Our recent actions to protect our products have met with a lot of controversy. Many people have been quick to judge and make accusations about what we are attempting to do, and what we have already done. It is my understanding that the spirit of the M.A.M.E. community is ""M.A.M.E.'s purpose is to preserve these decades of videogame history." It is further my understanding that "Selling either is not allowed" with regards to M.A.M.E.
Given this understanding, we are willing to help promote these goals and work to provide the original authors with the protection they deserve. Our goal is to prevent the commercial offering of machines with illegally obtained ROMs. I believe our goals can work in parallel.
Furthermore, we have a long standing relationship with many publishers of many games, and we are constantly working to obtain more and more licenses for these games. Our goal in filing the trademark for the name M.A.M.E. was simply to give us leverage against those companies that promote and sell machines with M.A.M.E. installed on it, and more importantly, provide their customers with the means to illegally obtain the ROMs. This doesn't help our sales of our products. This doesn't help the community in general.
We have no desire to use the M.A.M.E. name or logos; we simply wish to find ways to prevent illegal distribution of classic arcade games. We will be happy to cancel our application and work with the M.A.M.E. team to assign it to its rightful owners; however we do want to prevent it from being awarded to someone that intends to use it commercially.
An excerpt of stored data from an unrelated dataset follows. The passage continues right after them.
(* Let $\mathcal{H}$ be a finite family of digraphs containing a directed path $P$ of length $p$. Let $D$ be a digraph containing no subgraph isomorphic to a graph in $\mathcal{H}^-_p$, and let $k$ be an integer. Then $(D,k)$ is a yes-instance of $\mathcal{H}$-SCC Deletion if and only if it is a yes-instance of $\{P\}$-SCC Deletion.
   Context: Subgraphs are not necessarily induced; strong components are maximal sets of mutually reachable vertices. For a family $\mathcal{F}$, $\mathcal{F}$-SCC Deletion asks, given $(D,k)$, whether some $X\subseteq V(D)$ with $|X|\le k$ is such that no strong component of $D-X$ contains a subgraph isomorphic to a graph in $\mathcal{F}$. For a digraph $H$, $GPC(H)$ is the set of strongly connected digraphs $H\cup P_1\cup\dots\cup P_\ell$ (union of vertex and arc sets) where each $P_i$ is a directed path with both end-points in $V(H)$ and the ordered end-point pairs of the $P_i$ are pairwise distinct; $\{P_1,\dots,P_\ell\}$ is a witnessing collection of paths. $GPC(\mathcal{H})=\bigcup_{H\in\mathcal{H}}GPC(H)$. $\mathcal{H}^-_p$ is the set of digraphs in $GPC(\mathcal{H})$ admitting a witnessing collection of paths all of length at most $p-1$. *)

theory Defs
  imports Main
begin

type_synonym 'a digraph = "'a set \<times> ('a \<times> 'a) set"

definition verts :: "'a digraph \<Rightarrow> 'a set" where "verts G = fst G"
definition arcs :: "'a digraph \<Rightarrow> ('a \<times> 'a) set" where "arcs G = snd G"

definition wf_digraph :: "'a digraph \<Rightarrow> bool" where
  "wf_digraph G \<longleftrightarrow> finite (verts G) \<and> arcs G \<subseteq> verts G \<times> verts G
     \<and> (\<forall>v. (v, v) \<notin> arcs G)"

definition contains_copy :: "'a digraph \<Rightarrow> 'b digraph \<Rightarrow> bool" where
  "contains_copy G H \<longleftrightarrow> (\<exists>f. inj_on f (verts H) \<and> f ` verts H \<subseteq> verts G
      \<and> (\<forall>(u, v) \<in> arcs H. (f u, f v) \<in> arcs G))"

definition strongly_connected :: "'a digraph \<Rightarrow> bool" where
  "strongly_connected G \<longleftrightarrow>
     (\<forall>u \<in> verts G. \<forall>v \<in> verts G. (u, v) \<in> (arcs G)\<^sup>*)"

definition del_verts :: "'a digraph \<Rightarrow> 'a set \<Rightarrow> 'a digraph" where
  "del_verts G X = (verts G - X, {(u, v) \<in> arcs G. u \<notin> X \<and> v \<notin> X})"

definition induce :: "'a digraph \<Rightarrow> 'a set \<Rightarrow> 'a digraph" where
  "induce G C = (C, {(u, v) \<in> arcs G. u \<in> C \<and> v \<in> C})"

definition strong_components :: "'a digraph \<Rightarrow> 'a set set" where
  "strong_components G = {C. \<exists>v \<in> verts G.
      C = {u \<in> verts G. (v, u) \<in> (arcs G)\<^sup>* \<and> (u, v) \<in> (arcs G)\<^sup>*}}"

definition scc_deletion_yes :: "'b digraph set \<Rightarrow> 'a digraph \<Rightarrow> int \<Rightarrow> bool" where
  "scc_deletion_yes F D k \<longleftrightarrow> (\<exists>X \<subseteq> verts D. int (card X) \<le> k \<and>
     (\<forall>C \<in> strong_components (del_verts D X). \<forall>H \<in> F.
        \<not> contains_copy (induce (del_verts D X) C) H))"

text \<open>Directed path with vertex sequence xs (distinct); its length is length xs - 1.\<close>
definition path_arcs :: "'a list \<Rightarrow> ('a \<times> 'a) set" where
  "path_arcs xs = set (zip xs (tl xs))"

definition is_dipath :: "'a list \<Rightarrow> bool" where
  "is_dipath xs \<longleftrightarrow> xs \<noteq> [] \<and> distinct xs"

definition is_path_digraph :: "'a digraph \<Rightarrow> nat \<Rightarrow> bool" where
  "is_path_digraph G p \<longleftrightarrow> (\<exists>xs. is_dipath xs \<and> length xs = Suc p
      \<and> verts G = set xs \<and> arcs G = path_arcs xs)"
I am available to work with the community to ensure that this happens, and to help get more games made available to the community at a reasonable price.
Like most things that are spread by rumor, the facts about me, UltraCade Technologies, and the M.A.M.E. emulation system are quite distorted. I will try and educate anyone who cares to listen about the reality of our marketplace and what we are doing and what we are not. Simply put, we are making an effort to stamp out the commercial sales of M.A.M.E. based systems that advertise the ability to play thousands of games while relying on the customer to obtain the ROMs which can not legally be obtained. What we are not doing is trying to claim ownership of the M.A.M.E. open source emulator or sue its authors. We are concerned about the commercial marketplace, and not the readers of the many M.A.M.E. user groups and forums.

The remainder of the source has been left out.